Le CD knoppix est tout de même plus complet que le CD minimal et te permet d'accéder à internet en mode graphique, donc de lire un handbook tout beau directement depuis le site gentoo! 

Ca aurait changé ? Me gourre-je ?

----------

## d2_racing

C'est vrai que ça pas changé, sauf qu'avec Knoppix, il faut ouvrir une console et chrooter, tandis qu'avec le minimal CD, le handbook nous prend par la main pour faire l'installation  :Smile: 

Je considère que pour un débutant en Gentoo, il vaut mieux utiliser le minimal install CD et avoir un autre ordi pour aller sur Internet  :Smile: 

EDIT : On doit toujours CHROOTER, par contre, on a quelques étapes de plus à faire pour arriver au but premier.

Soit installer une gentoo  :Smile: Last edited by d2_racing on Mon Feb 19, 2007 6:20 pm; edited 1 time in total

----------

## ghoti

 *d2_racing wrote:*   

>  sauf qu'avec Knoppix, il faut ouvrir une console et chrooter

 

Quoi, faut plus chrooter avec le CD minimal ? Où s'arrêtera donc le progrès ?  :Laughing: 

 *Quote:*   

> et avoir un autre ordi pour aller sur Internet 

 

Ah oui ? Et tu décharges ton stage3 comment ? Tu le graves d'abord sur un CD et puis tu joues au DJ sur le PC Gentoo ? Simple, en effet ...

Et puis de toutes façons, 2 ordis c'est pas assez : il en faut au moins un troisième pour piloter la machine à café !  :Wink: 

----------

## Temet

C'est histoire de suivre le handbook à la lettre.

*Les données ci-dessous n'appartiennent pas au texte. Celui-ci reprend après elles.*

(* Let $d\in\mathbb N$, $\mathcal D=\{1,\dots,d\}$, $\mathbf u\subseteq\mathcal D$, let $w:\mathbb Z^d\to[1,\infty)$ be a weight function and $f\in \mathcal A^w(\mathbb T^d)$. Then for any weight function $w_{\mathbf u}:\mathbb Z^{|\mathbf u|}\to[1,\infty)$ with $$w_{\mathbf u}(\mathbf k_{\mathbf u})\le w(\mathbf k)\quad\text{for all }\mathbf k\in\mathbb Z^d\text{ with }\mathbf k_{\mathbf u^c}=\mathbf 0,$$ we have $\mathrm P_{\mathbf u}f\in \mathcal A^{w_{\mathbf u}}(\mathbb T^{|\mathbf u|})$ and $f_{\mathbf u}\in \mathcal A^{w_{\mathbf u}}(\mathbb T^{|\mathbf u|})$.
   Context: $\mathbb T=[0,1)$ with periodic identification; $c_{\mathbf k}(g)=\int_{\mathbb T^m} g(\mathbf x)e^{-2\pi i\mathbf k\cdot\mathbf x}\,d\mathbf x$. For a weight $v:\mathbb Z^m\to[1,\infty)$ the weighted Wiener algebra is $\mathcal A^{v}(\mathbb T^m)=\{g\in \mathrm L_1(\mathbb T^m): \|g\|_{\mathcal A^v}=\sum_{\mathbf k\in\mathbb Z^m}v(\mathbf k)|c_{\mathbf k}(g)|<\infty\}$. For $\mathbf u\subseteq\mathcal D$, $\mathbf u^c=\mathcal D\setminus\mathbf u$, $\mathbf x_{\mathbf u}=(x_i)_{i\in\mathbf u}$, and $\mathbf k_{\mathbf u}$ analogously. The projection is $\mathrm P_{\mathbf u}f(\mathbf x_{\mathbf u})=\int_{\mathbb T^{|\mathbf u^c|}}f(\mathbf x)\,d\mathbf x_{\mathbf u^c}$; the ANOVA terms are defined recursively by $f_{\mathbf u}=\mathrm P_{\mathbf u}f-\sum_{\mathbf v\subsetneq\mathbf u}f_{\mathbf v}$; both are regarded as functions on $\mathbb T^{|\mathbf u|}$. Convention $\mathbb Z^{0}=\{0\}$. *)

theory Defs
  imports "HOL-Analysis.Analysis"
begin

text \<open>Torus T^I for a finite coordinate set I: points are functions nat => real,
  extensional outside I (PiE), with coordinates in [0,1); product Lebesgue measure.
  For I = {} this is the one-point probability space (convention Z^0 = {0}).\<close>
definition torus :: "nat set \<Rightarrow> (nat \<Rightarrow> real) measure" where
  "torus I = PiM I (\<lambda>_. lebesgue_on {0..<1::real})"

definition lattice :: "nat set \<Rightarrow> (nat \<Rightarrow> int) set" where
  "lattice I = {k. \<forall>i. i \<notin> I \<longrightarrow> k i = 0}"

definition fourier_coeff :: "nat set \<Rightarrow> ((nat \<Rightarrow> real) \<Rightarrow> complex) \<Rightarrow> (nat \<Rightarrow> int) \<Rightarrow> complex" where
  "fourier_coeff I g k =
     (LINT x | torus I. g x * cis (- 2 * pi * (\<Sum>i\<in>I. of_int (k i) * x i)))"

definition weight :: "nat set \<Rightarrow> ((nat \<Rightarrow> int) \<Rightarrow> real) \<Rightarrow> bool" where
  "weight I v \<longleftrightarrow> (\<forall>k\<in>lattice I. 1 \<le> v k)"

definition wiener :: "nat set \<Rightarrow> ((nat \<Rightarrow> int) \<Rightarrow> real) \<Rightarrow> ((nat \<Rightarrow> real) \<Rightarrow> complex) set" where
  "wiener I v = {g. integrable (torus I) g \<and>
      (\<lambda>k. v k * norm (fourier_coeff I g k)) summable_on lattice I}"

definition proj :: "nat set \<Rightarrow> ((nat \<Rightarrow> real) \<Rightarrow> complex) \<Rightarrow> nat set \<Rightarrow> (nat \<Rightarrow> real) \<Rightarrow> complex" where
  "proj D f u = (\<lambda>xu. LINT y | torus (D - u). f (merge u (D - u) (xu, y)))"

function anova :: "nat set \<Rightarrow> ((nat \<Rightarrow> real) \<Rightarrow> complex) \<Rightarrow> nat set \<Rightarrow> (nat \<Rightarrow> real) \<Rightarrow> complex" where
  "anova D f u = (if finite u then
      (\<lambda>x. proj D f u x - (\<Sum>v\<in>{v. v \<subset> u}. anova D f v (restrict x v)))
    else (\<lambda>_. 0))"
  by auto
termination
  by (relation "Wellfounded.measure (\<lambda>(D, f, u). card u)") (auto intro: psubset_card_mono)

end

theory Submission
  imports Defs "HOL-Probability.Probability_Measure"
begin

text \<open>By Fubini, the k-th Fourier coefficient of P_u f is the k-th coefficient of f for every
  k in Z^u, so the weighted coefficient series of P_u f is a subseries of that of f, dominated
  termwise because w_u \<le> w there. The ANOVA term f_u is P_u f minus the lifts of the f_v with
  v \<subset> u to T^u; lifting from T^v to T^u keeps the coefficients on Z^v and adds zeros elsewhere,
  and the Wiener space is closed under finite sums and differences, so induction on u finishes.\<close>

abbreviation character :: "nat set \<Rightarrow> (nat \<Rightarrow> int) \<Rightarrow> (nat \<Rightarrow> real) \<Rightarrow> complex" where
  "character I k x \<equiv> cis (- 2 * pi * (\<Sum>i\<in>I. of_int (k i) * x i))"

lemma lattice_mono: "A \<subseteq> B \<Longrightarrow> lattice A \<subseteq> lattice B"
  by (auto simp: lattice_def)

lemma prob_space_unit_interval: "prob_space (lebesgue_on {0..<1::real})"
  by (rule prob_spaceI) (simp add: emeasure_restrict_space)

interpretation unit_cubes: product_prob_space "\<lambda>_::nat. lebesgue_on {0..<1::real}" UNIV
  unfolding product_prob_space_def product_prob_space_axioms_def product_sigma_finite_def
  using prob_space_unit_interval prob_space_imp_sigma_finite by blast

lemma integral_cis_int_unit_interval:
  fixes k :: int
  assumes "k \<noteq> 0"
  shows "(LINT t | lebesgue_on {0..<1::real}. cis (- 2 * pi * (of_int k * t))) = 0"
proof -
  define c where "c = - 2 * pi * of_int k"
  have "c \<noteq> 0" using assms by (simp add: c_def)
  define F where "F t = cis (c * t) / (\<i> * of_real c)" for t
  have "(F has_vector_derivative cis (c * t)) (at t within {0..1})" for t
    unfolding F_def has_vector_derivative_def
    by (rule has_derivative_eq_rhs, (rule derivative_eq_intros has_derivative_cis | simp)+)
      (use \<open>c \<noteq> 0\<close> in \<open>auto simp: fun_eq_iff scaleR_conv_of_real field_simps\<close>)
  then have "((\<lambda>t. cis (c * t)) has_integral (F 1 - F 0)) {0..1}"
    by (intro fundamental_theorem_of_calculus) auto
  moreover have "cis c = 1"
    using cis_multiple_2pi[of "of_int (- k)"] by (simp add: c_def)
  ultimately have "((\<lambda>t. cis (c * t)) has_integral 0) {0..<1}"
    by (subst has_integral_spike_set_eq[where T="{0..1}"])
      (auto simp: F_def intro: negligible_subset[of "{1}"])
  moreover have "(\<lambda>t. cis (c * t)) \<in> borel_measurable (lebesgue_on {0..<1::real})"
    by (intro continuous_imp_measurable_on_sets_lebesgue continuous_intros) auto
  then have "integrable (lebesgue_on {0..<1::real}) (\<lambda>t. cis (c * t))"
    using prob_space_unit_interval
    by (intro finite_measure.integrable_const_bound[where B=1]) (auto simp: prob_space_def)
  ultimately have "(LINT t | lebesgue_on {0..<1::real}. cis (c * t)) = 0"
    by (simp add: lebesgue_integral_eq_integral integral_unique)
  then show ?thesis by (simp add: c_def algebra_simps)
qed

lemma borel_measurable_ident_unit_interval[measurable]:
  "(\<lambda>t. t) \<in> borel_measurable (lebesgue_on {0..<1::real})"
  by (intro continuous_imp_measurable_on_sets_lebesgue continuous_intros) auto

Si mes souvenirs sont bons, même un habitué comme man in the hill a eu des emmerdes y a deux semaines à cause justement d'une install via liveCD de Kubuntu (chroot impossible).

----------

## ghoti

 *Temet wrote:*   

> C'est histoire de suivre le handbook à la lettre.
> 
> Si mes souvenirs sont bons, même un habitué comme man in the hill a eu des emmerdes y a deux semaines à cause justement d'une install via liveCD de Kubuntu (chroot impossible).

 

Vu comme ça, ok !  :Smile: 

----------

## alpha_one_x86

Moi perso, j'ai jamais eu aucun probleme avec les chroot des lives cd, le seul truc c'est qu'il faut que je fasse gaffe de prendre un livecd 64bits, pour installer ma gentoo amd64. Si non aucun probleme de mon coter, moi qui est toujours plein de problemes, et en + par live cd ça bloque pas tout ton pc, tu peu continuer a travailler.

----------

## titoucha

Ben j'ai testé les deux méthodes et pour une nouvelle installation je préfère le live CD, tu peux continuer à surfer sur le net en attendant la fin de la compilation.

----------

## alpha_one_x86

Je viens de branché mon disk dur de portable (avec distrib 32) par un rack a mon serveur en 64bits. et je compil avec mon gros serveur en raid5 et avec 2Go de ram et un multicore, c'est bien + rapide qu'avec mon pc portable.

----------

## truc

 *alpha_one_x86 wrote:*   

> Je viens de branché mon disk dur de portable (avec distrib 32) par un rack a mon serveur en 64bits. et je compil avec mon gros serveur en raid5 et avec 2Go de ram et un multicore, c'est bien + rapide qu'avec mon pc portable.

 

et?   :Rolling Eyes: 

----------

## DuF

 *truc wrote:*   

>  *alpha_one_x86 wrote:*   Je viens de branché mon disk dur de portable (avec distrib 32) par un rack a mon serveur en 64bits. et je compil avec mon gros serveur en raid5 et avec 2Go de ram et un multicore, c'est bien + rapide qu'avec mon pc portable. 
> 
> et?  

 

Bah il est content   :Rolling Eyes: 

----------

## d2_racing

Ça doit pas mal rouler en tout cas  :Smile: 

----------